lemma wedge_angle_has_derivative:
  assumes "\<theta> differentiable (at (norm x))" and nonpos: "unwound \<theta> x \<notin> \<real>\<^sub>\<le>\<^sub>0"
  shows "(wedge_angle \<theta> has_derivative (\<lambda>v. inner v (wedge_angle_gradient \<theta> x))) (at x)"
proof -
  define \<theta>' where "\<theta>' = deriv \<theta> (norm x)"
  have \<theta>: "(\<theta> has_real_derivative \<theta>') (at (norm x))"
    using assms(1) by (simp add: \<theta>'_def DERIV_deriv_iff_real_differentiable)
  have x: "x \<noteq> 0" using nonpos by auto
  then have z: "unwound \<theta> x \<noteq> 0" by simp
  have "((\<lambda>x. Ln (unwound \<theta> x)) has_derivative (\<lambda>v. inverse (unwound \<theta> x) * (unwound \<theta> x *
           (complex_of_pair v / complex_of_pair x - \<i> * of_real (inner v (sgn x) * \<theta>'))))) (at x)"
    using has_derivative_compose[OF unwound_has_derivative[OF \<theta> x]
        has_field_derivative_Ln[OF nonpos, unfolded has_field_derivative_def]] by (simp add: o_def)
  then have "(wedge_angle \<theta> has_derivative (\<lambda>v. 0 + Im (inverse (unwound \<theta> x) * (unwound \<theta> x *
           (complex_of_pair v / complex_of_pair x - \<i> * of_real (inner v (sgn x) * \<theta>')))))) (at x)"
    unfolding wedge_angle_def[abs_def]
    by (intro has_derivative_add has_derivative_const bounded_linear.has_derivative[OF bounded_linear_Im])
  moreover have "inverse (unwound \<theta> x) * (unwound \<theta> x * w) = w" for w
    using z by simp
  ultimately have "(wedge_angle \<theta> has_derivative
      (\<lambda>v. inner v (rot90 x) / (norm x)\<^sup>2 - norm x * inner v x * \<theta>' / (norm x)\<^sup>2)) (at x)"
    by (simp add: Im_complex_of_pair_divide sgn_div_norm)
  then show ?thesis
    by (rule has_derivative_eq_rhs)
       (use x in \<open>simp add: fun_eq_iff wedge_angle_gradient_def \<theta>'_def inner_diff_right power2_eq_square\<close>)
qed

section \<open>Integrals of angular derivatives\<close>

lemma has_derivative_partial_fst:
  assumes "(F has_derivative F') (at (t, y))"
  shows "((\<lambda>t. F (t, y)) has_real_derivative F' (1, 0)) (at t)"
proof (rule has_derivative_imp_has_field_derivative)
  show "((\<lambda>t. F (t, y)) has_derivative (\<lambda>s. F' (s, 0))) (at t)"
    using has_derivative_compose[OF has_derivative_Pair[OF has_derivative_ident has_derivative_const] assms]
    by (simp add: o_def)
  show "s * F' (1, 0) = F' (s, 0)" for s
    using linear_scale[OF has_derivative_linear[OF assms], of s "(1, 0)"] by simp
qed

lemma has_derivative_partial_snd:
  assumes "(F has_derivative F') (at (t, y))"
  shows "((\<lambda>y. F (t, y)) has_real_derivative F' (0, 1)) (at y)"
proof (rule has_derivative_imp_has_field_derivative)
  show "((\<lambda>y. F (t, y)) has_derivative (\<lambda>s. F' (0, s))) (at y)"
    using has_derivative_compose[OF has_derivative_Pair[OF has_derivative_const has_derivative_ident] assms]
    by (simp add: o_def)
  show "s * F' (0, 1) = F' (0, s)" for s
    using linear_scale[OF has_derivative_linear[OF assms], of s "(0, 1)"] by simp
qed

lemma integral_deriv_eq_0:
  fixes w p :: "real \<Rightarrow> real"
  assumes deriv: "\<And>t. (w has_real_derivative p t) (at t)" and cont: "continuous_on UNIV p"
    and vanish: "\<And>t. A \<le> \<bar>t\<bar> \<Longrightarrow> w t = 0 \<and> p t = 0"
  shows "integral\<^sup>L lborel p = 0"
proof (cases "0 < A")
  case True
  have "integral\<^sup>L lborel p = (\<integral>t. indicator {-A..A} t *\<^sub>R p t \<partial>lborel)"
  proof (intro Bochner_Integration.integral_cong refl)
    show "p t = indicator {-A..A} t *\<^sub>R p t" for t
      using vanish[of t] by (cases "A \<le> \<bar>t\<bar>") (auto simp: indicator_def)
  qed
  also have "\<dots> = w A - w (- A)"
    using True deriv
    by (intro integral_FTC_atLeastAtMost continuous_on_subset[OF cont])
       (auto simp: has_real_derivative_iff_has_vector_derivative intro: has_vector_derivative_at_within)
  also have "\<dots> = 0" using vanish[of A] vanish[of "- A"] by simp
  finally show ?thesis .
next
  case False
  then have "A \<le> \<bar>t\<bar>" for t using abs_ge_zero[of t] by linarith
  then have "p = (\<lambda>_. 0)" using vanish by blast
  then show ?thesis by simp
qed

lemma integrable_continuous_compact_support:
  fixes f :: "'a::euclidean_space \<Rightarrow> real"
  assumes "continuous_on UNIV f" "compact K" "\<And>x. x \<notin> K \<Longrightarrow> f x = 0"
  shows "integrable lborel f"
proof -
  have "integrable lborel (\<lambda>x. indicator K x *\<^sub>R f x)"
    by (rule borel_integrable_compact[OF assms(2) continuous_on_subset[OF assms(1)]]) simp
  moreover have "(\<lambda>x. indicator K x *\<^sub>R f x) = f"
    using assms(3) by (auto simp: fun_eq_iff indicator_def of_bool_def)
  ultimately show ?thesis by simp
qed

lemma integral_partial_fst_eq_0:
  fixes W P :: "real \<times> real \<Rightarrow> real"
  assumes deriv: "\<And>t y. ((\<lambda>t. W (t, y)) has_real_derivative P (t, y)) (at t)"
    and cont: "continuous_on UNIV P" and K: "compact K"
    and vanish: "\<And>x. x \<notin> K \<Longrightarrow> W x = 0 \<and> P x = 0"
  shows "integral\<^sup>L lborel P = 0"
proof -
  obtain B where B: "\<And>x. x \<in> K \<Longrightarrow> norm x \<le> B"
    using compact_imp_bounded[OF K] by (auto simp: bounded_iff)
  have outside: "B + 1 \<le> \<bar>t\<bar> \<Longrightarrow> (t, y) \<notin> K" for t y
    using B[of "(t, y)"] norm_fst_le[of t y] by auto
  have slice: "(\<integral>t. P (t, y) \<partial>lborel) = 0" for y
    by (rule integral_deriv_eq_0[OF deriv _ vanish[OF outside]])
       (intro continuous_on_compose2[OF cont] continuous_intros; simp)
  have "integrable lborel P"
    by (rule integrable_continuous_compact_support[OF cont K]) (use vanish in blast)
  then have "integral\<^sup>L lborel P = (\<integral>y. (\<integral>t. P (t, y) \<partial>lborel) \<partial>lborel)"
    by (simp add: lborel_prod lborel_pair.integral_snd)
  also have "\<dots> = 0" by (simp add: slice)
  finally show ?thesis .
qed

lemma integral_partial_snd_eq_0:
  fixes W P :: "real \<times> real \<Rightarrow> real"
  assumes deriv: "\<And>t y. ((\<lambda>y. W (t, y)) has_real_derivative P (t, y)) (at y)"
    and cont: "continuous_on UNIV P" and K: "compact K"
    and vanish: "\<And>x. x \<notin> K \<Longrightarrow> W x = 0 \<and> P x = 0"
  shows "integral\<^sup>L lborel P = 0"
proof -
  obtain B where B: "\<And>x. x \<in> K \<Longrightarrow> norm x \<le> B"
    using compact_imp_bounded[OF K] by (auto simp: bounded_iff)
  have outside: "B + 1 \<le> \<bar>y\<bar> \<Longrightarrow> (t, y) \<notin> K" for t y
    using B[of "(t, y)"] norm_snd_le[of y t] by auto
  have slice: "(\<integral>y. P (t, y) \<partial>lborel) = 0" for t
    by (rule integral_deriv_eq_0[OF deriv _ vanish[OF outside]])
       (intro continuous_on_compose2[OF cont] continuous_intros; simp)
  have "integrable lborel P"
    by (rule integrable_continuous_compact_support[OF cont K]) (use vanish in blast)
  then have "integral\<^sup>L lborel P = (\<integral>t. (\<integral>y. P (t, y) \<partial>lborel) \<partial>lborel)"
    by (simp add: lborel_prod lborel_pair.integral_fst')
  also have "\<dots> = 0" by (simp add: slice)
  finally show ?thesis .
qed

lemma eventually_zero_outside:
  assumes "closed K" "x \<notin> K" "\<And>y. y \<notin> K \<Longrightarrow> f y = 0"
  shows "\<forall>\<^sub>F y in nhds x. f y = 0"
  using assms by (intro eventually_nhds_in_open[of "- K", THEN eventually_mono]) auto

lemma has_derivative_zero_outside:
  assumes "closed K" "x \<notin> K" "\<And>y. y \<notin> K \<Longrightarrow> f y = 0"
  shows "(f has_derivative (\<lambda>v. 0)) (at x)"
  by (rule has_derivative_transform_within_open[OF has_derivative_const[of 0], where s = "- K"])
     (use assms in auto)

lemma isCont_zero_outside:
  assumes "closed K" "x \<notin> K" "\<And>y. y \<notin> K \<Longrightarrow> f y = 0"
  shows "isCont f x"
  using isCont_cong[OF eventually_zero_outside[OF assms]] by simp

lemma gradient_zero_outside:
  assumes "(f has_derivative (\<lambda>v. inner v G)) (at x)"
    and "closed K" "x \<notin> K" "\<And>y. y \<notin> K \<Longrightarrow> f y = 0"
  shows "G = 0"
proof -
  have "(\<lambda>v. inner v G) = (\<lambda>v. 0)"
    using has_derivative_unique[OF assms(1) has_derivative_zero_outside[OF assms(2-4)]] .
  from fun_cong[OF this, of G] show ?thesis by simp
qed

(* rot90 is divergence free: at x = (t, y), inner (Q x) (rot90 x) is the sum of the partial
   derivatives of - y * q x in t and of t * q x in y. *)
lemma integral_inner_gradient_rot90_eq_0:
  fixes q :: "real \<times> real \<Rightarrow> real" and Q :: "real \<times> real \<Rightarrow> real \<times> real"
  assumes deriv: "\<And>x. (q has_derivative (\<lambda>v. inner v (Q x))) (at x)"
    and cont: "continuous_on UNIV Q" and K: "compact K" and vanish: "\<And>x. x \<notin> K \<Longrightarrow> q x = 0"
  shows "integrable lborel (\<lambda>x. inner (Q x) (rot90 x))"
    and "integral\<^sup>L lborel (\<lambda>x. inner (Q x) (rot90 x)) = 0"
proof -
  have Q0: "Q x = 0" if "x \<notin> K" for x
    using gradient_zero_outside[OF deriv compact_imp_closed[OF K] that vanish] .
  define P1 where "P1 x = - snd x * fst (Q x)" for x
  define P2 where "P2 x = fst x * snd (Q x)" for x
  have cont1: "continuous_on UNIV P1" and cont2: "continuous_on UNIV P2"
    unfolding P1_def[abs_def] P2_def[abs_def] by (intro continuous_intros cont)+
  have int1: "integrable lborel P1" and int2: "integrable lborel P2"
    by (rule integrable_continuous_compact_support[OF _ K], fact, simp add: P1_def P2_def Q0)+
  have "integral\<^sup>L lborel P1 = 0"
  proof (rule integral_partial_fst_eq_0[OF _ cont1 K])
    show "((\<lambda>t. - snd (t, y) * q (t, y)) has_real_derivative P1 (t, y)) (at t)" for t y
      using has_derivative_partial_fst[OF has_derivative_mult[OF
          has_derivative_minus[OF has_derivative_snd[OF has_derivative_ident]] deriv]]
      by (simp add: P1_def inner_prod_def)
    show "x \<notin> K \<Longrightarrow> - snd x * q x = 0 \<and> P1 x = 0" for x
      by (simp add: P1_def Q0 vanish)
  qed
  moreover have "integral\<^sup>L lborel P2 = 0"
  proof (rule integral_partial_snd_eq_0[OF _ cont2 K])
    show "((\<lambda>y. fst (t, y) * q (t, y)) has_real_derivative P2 (t, y)) (at y)" for t y
      using has_derivative_partial_snd[OF has_derivative_mult[OF
          has_derivative_fst[OF has_derivative_ident] deriv]]
      by (simp add: P2_def inner_prod_def)
    show "x \<notin> K \<Longrightarrow> fst x * q x = 0 \<and> P2 x = 0" for x
      by (simp add: P2_def Q0 vanish)
  qed
  moreover have "(\<lambda>x. inner (Q x) (rot90 x)) = (\<lambda>x. P1 x + P2 x)"
    by (auto simp: fun_eq_iff P1_def P2_def rot90_def inner_prod_def)
  ultimately show "integrable lborel (\<lambda>x. inner (Q x) (rot90 x))"
    and "integral\<^sup>L lborel (\<lambda>x. inner (Q x) (rot90 x)) = 0"
    using int1 int2 by simp_all
qed

section \<open>Hardy's inequality for compactly supported functions\<close>

lemma scaled_cot_has_derivative:
  assumes "sin (k * t) \<noteq> 0"
  shows "((\<lambda>t. k * cot (k * t)) has_real_derivative - (k / sin (k * t))\<^sup>2) (at t)"
proof -
  have "((\<lambda>t. cot (k * t)) has_real_derivative - inverse ((sin (k * t))\<^sup>2) * k) (at t)"
    by (rule DERIV_chain2[where g = "\<lambda>t. k * t" and x = t, OF DERIV_cot[OF assms]])
       (auto intro!: derivative_eq_intros)
  from DERIV_cmult[OF this, of k] show ?thesis
    by (rule DERIV_cong) (simp add: power_divide field_simps power2_eq_square)
qed

lemma scaled_cot_riccati:
  assumes "sin (k * t) \<noteq> 0"
  shows "- (k / sin (k * t))\<^sup>2 + (k * cot (k * t))\<^sup>2 = - k\<^sup>2"
proof -
  have "(k * cot (k * t))\<^sup>2 = (k / sin (k * t))\<^sup>2 - k\<^sup>2"
    using assms by (simp add: cot_def power_divide power_mult_distrib cos_squared_eq field_simps)
  then show ?thesis by simp
qed

lemma hardy_pointwise_bound:
  fixes x g :: "real \<times> real"
  assumes "x \<noteq> 0" and riccati: "D + C\<^sup>2 = - k\<^sup>2"
  shows "(2 * F * C * inner g (rot90 x) + F\<^sup>2 * D) / (norm x)\<^sup>2 + k\<^sup>2 * (F\<^sup>2 / (norm x)\<^sup>2)
         \<le> (norm g)\<^sup>2"
proof -
  define w where "w = inner g (rot90 x)"
  have nx: "0 < (norm x)\<^sup>2" using assms by simp
  have D: "D = - k\<^sup>2 - C\<^sup>2" using riccati by linarith
  have square: "2 * F * C * w + F\<^sup>2 * D + k\<^sup>2 * F\<^sup>2 = w\<^sup>2 - (w - F * C)\<^sup>2"
    unfolding D by (simp add: power2_eq_square algebra_simps)
  have "(2 * F * C * w + F\<^sup>2 * D) / (norm x)\<^sup>2 + k\<^sup>2 * (F\<^sup>2 / (norm x)\<^sup>2)
      = (2 * F * C * w + F\<^sup>2 * D + k\<^sup>2 * F\<^sup>2) / (norm x)\<^sup>2"
    by (simp add: add_divide_distrib)
  also have "\<dots> = (w\<^sup>2 - (w - F * C)\<^sup>2) / (norm x)\<^sup>2"
    by (simp only: square)
  also have "\<dots> \<le> w\<^sup>2 / (norm x)\<^sup>2"
    using nx by (intro divide_right_mono) auto
  also have "\<dots> \<le> (norm g)\<^sup>2"
  proof -
    have "\<bar>w\<bar> \<le> norm g * norm x"
      using Cauchy_Schwarz_ineq2[of g "rot90 x"] by (simp add: w_def)
    then have "\<bar>w\<bar>\<^sup>2 \<le> (norm g * norm x)\<^sup>2"
      by (rule power_mono) simp
    then have "w\<^sup>2 \<le> (norm g)\<^sup>2 * (norm x)\<^sup>2"
      by (simp add: power_mult_distrib)
    then show ?thesis using nx by (simp add: divide_le_eq)
  qed
  finally show ?thesis by (simp add: w_def)
qed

★ ★ ★

» **TASK DETAILS**:
All lines of the data that hold "define" need to be copied.

» **RESPONSE AREA**:
  define \<theta>' where "\<theta>' = deriv \<theta> (norm x)"
  define P1 where "P1 x = - snd x * fst (Q x)" for x
  define P2 where "P2 x = fst x * snd (Q x)" for x
  define w where "w = inner g (rot90 x)"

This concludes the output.